On Sat, Jul 6, 2019 at 4:08 PM Peter Geoghegan <pg(at)bowt(dot)ie> wrote:
> I took a closer look at this patch, and have some general thoughts on
> its design, and specific feedback on the implementation.

I have some high level concerns about how the patch might increase
contention, which could make queries slower. Apparently that is a real
problem in other systems that use MVCC when their bitmap index feature
is used -- they are never really supposed to be used with OLTP apps.
This patch makes nbtree behave rather a lot like a bitmap index.
That's not exactly true, because you're not storing a bitmap or
compressing the TID lists, but they're definitely quite similar. It's
easy to imagine a hybrid approach, that starts with a B-Tree with
deduplication/TID lists, and eventually becomes a bitmap index as more
duplicates are added [1].

It doesn't seem like it would be practical for these other MVCC
database systems to have standard B-Tree secondary indexes that
compress duplicates gracefully in the way that you propose to with
this patch, because lock contention would presumably be a big problem
for the same reason as it is with their bitmap indexes (whatever the
true reason actually is). Is it really possible to have something
that's adaptive, offering the best of both worlds?

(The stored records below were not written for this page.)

lemma rotation_P3_misses:
  fixes i j :: nat
  assumes "i < 4" "j < 4"
  shows "(i + 3) mod 4 \<in> (\<lambda>p. (j + p) mod 4) ` {0..<3} \<longleftrightarrow> i \<noteq> j"
proof -
  have "i = 0 \<or> i = 1 \<or> i = 2 \<or> i = 3" "j = 0 \<or> j = 1 \<or> j = 2 \<or> j = 3" using assms by auto
  moreover have "{0..<3::nat} = {0, 1, 2}" by auto
  ultimately show ?thesis by (elim disjE) simp_all
qed

lemma P3_recurrence:
  "4 * card (induced_copies 3 P3 N) + 4 * N ^ 3 \<le> card (induced_copies 3 P3 (4 * N))"
proof -
  let ?\<rho> = "\<lambda>i p. (i + p) mod 4"
  define B where "B = (\<Union>i<4. transversals 3 (?\<rho> i) N)"
  have emb: "C4_embedding 3 P3 (?\<rho> i)" if "i < 4" for i
    using C4_embedding_P3[OF that] .
  have "card B = (\<Sum>i<4. card (transversals 3 (?\<rho> i) N))"
    unfolding B_def
  proof (rule card_UN_disjoint)
    show "\<forall>i\<in>{..<4}. \<forall>j\<in>{..<4}. i \<noteq> j \<longrightarrow>
        transversals 3 (?\<rho> i) N \<inter> transversals 3 (?\<rho> j) N = {}"
    proof (intro ballI impI transversals_disjoint)
      fix i j :: nat assume "i \<in> {..<4}" "j \<in> {..<4}" "i \<noteq> j"
      then show "?\<rho> i ` {0..<3} \<noteq> ?\<rho> j ` {0..<3}"
        using rotation_P3_misses[of i i] rotation_P3_misses[of i j] by auto
    qed auto
  qed (simp_all add: transversals_def finite_PiE)
  also have "\<dots> = 4 * N ^ 3"
    using emb by (simp add: card_transversals C4_embedding_def)
  finally have "card B = 4 * N ^ 3" .
  moreover have "B \<subseteq> induced_copies 3 P3 (4 * N)"
    unfolding B_def using transversals_induced_copies[OF emb] by blast
  moreover have "2 \<le> card ((\<lambda>y. y mod 4) ` T)" if "T \<in> B" for T
    using that card_residues_transversal[OF emb] by (auto simp: B_def transversals_def)
  ultimately show ?thesis
    using card_induced_copies_blowup[of 3 B P3 N] by simp
qed

lemma C4_recurrence:
  "4 * card (induced_copies 4 C4 N) + N ^ 4 \<le> card (induced_copies 4 C4 (4 * N))"
proof -
  let ?B = "transversals 4 (\<lambda>p. p) N"
  have "2 \<le> card ((\<lambda>y. y mod 4) ` T)" if "T \<in> ?B" for T
    using that card_residues_transversal[OF C4_embedding_C4] by (auto simp: transversals_def)
  then show ?thesis
    using card_induced_copies_blowup[of 4 ?B C4 N] transversals_induced_copies[OF C4_embedding_C4]
      card_transversals[of "\<lambda>p. p" 4 N] by simp
qed

lemma recurrence_lower_bound:
  fixes c :: "nat \<Rightarrow> nat"
  assumes "1 \<le> k" and rec: "\<And>N. 4 * c N + A * N ^ k \<le> c (4 * N)"
  shows "A * (4 ^ j) ^ k \<le> (4 ^ k - 4) * c (4 ^ j) + A * 4 ^ j"
proof (induction j)
  case 0
  then show ?case by simp
next
  case (Suc j)
  define N where "N = (4::nat) ^ j"
  define d where "d = (4::nat) ^ k - 4"
  have "(4::nat) \<le> 4 ^ k" using assms(1) by (simp add: self_le_power)
  then have d4: "4 ^ k = d + 4" by (simp add: d_def)
  have "A * (4 * N) ^ k = (d + 4) * (A * N ^ k)"
    by (simp only: power_mult_distrib flip: d4) simp
  also have "\<dots> = 4 * (A * N ^ k) + d * (A * N ^ k)"
    by (simp add: algebra_simps)
  also have "\<dots> \<le> 4 * (d * c N + A * N) + d * (A * N ^ k)"
    using Suc.IH by (simp add: N_def d_def)
  also have "\<dots> = d * (4 * c N + A * N ^ k) + A * (4 * N)"
    by (simp add: algebra_simps)
  also have "\<dots> \<le> d * c (4 * N) + A * (4 * N)"
    using rec by simp
  finally show ?case by (simp add: N_def d_def)
qed

lemma power_add_one_le: "1 \<le> m \<Longrightarrow> a ^ m + 1 \<le> (a + 1 :: nat) ^ m"
proof (induction m rule: dec_induct)
  case (step m)
  have "a ^ Suc m + 1 \<le> (a + 1) * (a ^ m + 1)" by (simp add: algebra_simps)
  also have "\<dots> \<le> (a + 1) * (a + 1) ^ m" using step.IH by (rule mult_left_mono) simp
  finally show ?case by simp
qed simp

Having dug into it some more, I think that the answer for us might
actually be "yes, we can have it both ways". Other database systems
that are also based on MVCC still probably use a limited form of index
locking, even in READ COMMITTED mode, though this isn't very widely
known. They need this for unique indexes, but they also need it for
transaction rollback, to remove old entries from the index when the
transaction must abort. The section "6.7 Standard Practice" from the
paper "Architecture of a Database System" [2] goes into this, saying:

"All production databases today support ACID transactions. As a rule,
they use write-ahead logging for durability, and two-phase locking for
concurrency control. An exception is PostgreSQL, which uses
multiversion concurrency control throughout."

I suggest reading "6.7 Standard Practice" in full.

Anyway, I think that *hundreds* or even *thousands* of rows are
effectively locked all at once when a bitmap index needs to be updated
in these other systems -- and I mean a heavyweight lock that lasts
until the xact commits or aborts, like a Postgres row lock. As I said,
this is necessary simply because the transaction might need to roll
back. Of course, your patch never needs to do anything like that --
the only risk is that buffer lock contention will be increased. Maybe
VACUUM isn't so bad after all!

Doing deduplication adaptively and automatically in nbtree seems like
it might play to the strengths of Postgres, while also ameliorating
its weaknesses. As the same paper goes on to say, it's actually quite
unusual that PostgreSQL has *transactional* full text search built in
(using GIN), and offers transactional, high concurrency spatial
indexing (using GiST). Actually, this is an additional advantages of
our "pure" approach to MVCC -- we can add new high concurrency,
transactional access methods relatively easily.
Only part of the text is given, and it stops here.